### What you need to do
Going through the material below, please gather all lines with the word "hform" in them.

### Records for the exercise
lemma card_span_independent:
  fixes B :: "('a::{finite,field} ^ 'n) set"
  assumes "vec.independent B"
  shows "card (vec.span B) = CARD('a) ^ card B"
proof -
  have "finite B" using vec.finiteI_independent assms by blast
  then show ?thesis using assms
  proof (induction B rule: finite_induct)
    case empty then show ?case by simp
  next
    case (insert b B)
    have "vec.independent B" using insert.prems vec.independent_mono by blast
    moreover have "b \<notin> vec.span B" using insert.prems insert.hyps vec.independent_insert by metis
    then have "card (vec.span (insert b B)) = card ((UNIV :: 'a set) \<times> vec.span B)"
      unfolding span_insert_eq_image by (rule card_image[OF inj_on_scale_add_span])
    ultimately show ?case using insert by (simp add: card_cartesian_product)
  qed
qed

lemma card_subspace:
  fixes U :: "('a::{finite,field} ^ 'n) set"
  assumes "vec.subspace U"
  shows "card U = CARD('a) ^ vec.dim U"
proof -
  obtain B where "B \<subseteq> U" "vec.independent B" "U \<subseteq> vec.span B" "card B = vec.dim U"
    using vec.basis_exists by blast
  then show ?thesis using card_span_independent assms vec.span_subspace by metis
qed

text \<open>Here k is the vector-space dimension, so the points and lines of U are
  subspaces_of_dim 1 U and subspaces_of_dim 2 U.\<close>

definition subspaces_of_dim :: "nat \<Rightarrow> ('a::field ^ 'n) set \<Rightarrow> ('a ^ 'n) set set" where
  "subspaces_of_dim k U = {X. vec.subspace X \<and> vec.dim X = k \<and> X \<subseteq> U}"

* * *

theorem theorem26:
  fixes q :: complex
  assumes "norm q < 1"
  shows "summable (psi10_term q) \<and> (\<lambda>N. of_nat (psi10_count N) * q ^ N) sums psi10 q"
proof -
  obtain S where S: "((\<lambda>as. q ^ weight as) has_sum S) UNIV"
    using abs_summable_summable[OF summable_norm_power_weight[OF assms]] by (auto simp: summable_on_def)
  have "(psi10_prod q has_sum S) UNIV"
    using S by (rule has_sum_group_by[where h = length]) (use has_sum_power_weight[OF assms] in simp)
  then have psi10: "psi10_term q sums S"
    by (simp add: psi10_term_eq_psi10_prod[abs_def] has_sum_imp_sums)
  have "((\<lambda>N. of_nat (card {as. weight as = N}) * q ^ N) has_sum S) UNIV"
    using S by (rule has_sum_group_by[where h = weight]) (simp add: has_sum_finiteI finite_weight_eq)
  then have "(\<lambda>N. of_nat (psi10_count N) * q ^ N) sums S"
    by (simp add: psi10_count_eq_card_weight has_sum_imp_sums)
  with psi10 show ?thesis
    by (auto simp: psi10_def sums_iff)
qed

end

...

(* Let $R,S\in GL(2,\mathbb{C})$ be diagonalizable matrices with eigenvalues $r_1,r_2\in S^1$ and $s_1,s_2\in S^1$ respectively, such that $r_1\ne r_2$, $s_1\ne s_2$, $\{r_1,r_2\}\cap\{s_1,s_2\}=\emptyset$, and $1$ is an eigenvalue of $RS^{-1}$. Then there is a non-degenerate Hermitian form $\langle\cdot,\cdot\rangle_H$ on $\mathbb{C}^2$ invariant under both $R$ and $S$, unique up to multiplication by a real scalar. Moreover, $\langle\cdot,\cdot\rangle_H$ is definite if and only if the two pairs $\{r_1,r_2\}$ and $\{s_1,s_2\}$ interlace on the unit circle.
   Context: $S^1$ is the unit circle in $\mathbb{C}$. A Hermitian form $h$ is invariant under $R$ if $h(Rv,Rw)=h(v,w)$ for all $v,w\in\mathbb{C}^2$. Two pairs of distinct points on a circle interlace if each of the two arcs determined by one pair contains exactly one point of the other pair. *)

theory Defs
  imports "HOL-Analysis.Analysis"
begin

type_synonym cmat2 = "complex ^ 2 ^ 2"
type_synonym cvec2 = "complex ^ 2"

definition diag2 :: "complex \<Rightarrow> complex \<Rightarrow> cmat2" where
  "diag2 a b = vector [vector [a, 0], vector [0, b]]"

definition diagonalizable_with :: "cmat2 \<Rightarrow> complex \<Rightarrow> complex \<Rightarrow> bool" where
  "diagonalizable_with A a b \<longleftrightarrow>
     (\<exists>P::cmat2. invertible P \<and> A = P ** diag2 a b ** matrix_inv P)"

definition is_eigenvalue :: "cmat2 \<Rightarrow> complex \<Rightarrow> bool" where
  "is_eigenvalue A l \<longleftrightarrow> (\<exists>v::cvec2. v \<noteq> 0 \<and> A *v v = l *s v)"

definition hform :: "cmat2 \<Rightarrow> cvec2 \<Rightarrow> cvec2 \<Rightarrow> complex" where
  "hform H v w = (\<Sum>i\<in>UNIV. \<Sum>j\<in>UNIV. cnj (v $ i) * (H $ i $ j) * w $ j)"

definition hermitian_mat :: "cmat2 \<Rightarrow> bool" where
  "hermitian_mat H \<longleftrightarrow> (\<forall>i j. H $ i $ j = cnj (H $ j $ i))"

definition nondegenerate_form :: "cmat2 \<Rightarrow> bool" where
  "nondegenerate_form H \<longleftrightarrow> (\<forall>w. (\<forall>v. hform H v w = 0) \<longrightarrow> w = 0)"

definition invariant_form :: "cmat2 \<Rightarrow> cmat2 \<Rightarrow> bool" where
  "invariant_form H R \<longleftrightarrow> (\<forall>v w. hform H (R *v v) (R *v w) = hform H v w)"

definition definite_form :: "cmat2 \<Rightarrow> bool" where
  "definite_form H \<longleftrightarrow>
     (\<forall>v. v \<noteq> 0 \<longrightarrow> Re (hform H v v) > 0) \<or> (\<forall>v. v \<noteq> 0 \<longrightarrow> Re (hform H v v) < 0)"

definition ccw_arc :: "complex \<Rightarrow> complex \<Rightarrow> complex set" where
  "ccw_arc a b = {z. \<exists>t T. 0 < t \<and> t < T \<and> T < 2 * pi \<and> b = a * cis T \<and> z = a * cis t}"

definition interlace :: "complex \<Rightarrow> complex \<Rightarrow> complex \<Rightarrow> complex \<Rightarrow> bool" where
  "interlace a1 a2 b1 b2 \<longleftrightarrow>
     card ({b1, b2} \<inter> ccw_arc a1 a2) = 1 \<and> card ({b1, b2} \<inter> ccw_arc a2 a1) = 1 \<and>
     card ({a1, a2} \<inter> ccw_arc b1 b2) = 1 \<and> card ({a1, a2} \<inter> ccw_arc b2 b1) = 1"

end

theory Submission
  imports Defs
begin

### Final answer
definition hform :: "cmat2 \<Rightarrow> cvec2 \<Rightarrow> cvec2 \<Rightarrow> complex" where
  "hform H v w = (\<Sum>i\<in>UNIV. \<Sum>j\<in>UNIV. cnj (v $ i) * (H $ i $ j) * w $ j)"
  "nondegenerate_form H \<longleftrightarrow> (\<forall>w. (\<forall>v. hform H v w = 0) \<longrightarrow> w = 0)"
  "invariant_form H R \<longleftrightarrow> (\<forall>v w. hform H (R *v v) (R *v w) = hform H v w)"
     (\<forall>v. v \<noteq> 0 \<longrightarrow> Re (hform H v v) > 0) \<or> (\<forall>v. v \<noteq> 0 \<longrightarrow> Re (hform H v v) < 0)"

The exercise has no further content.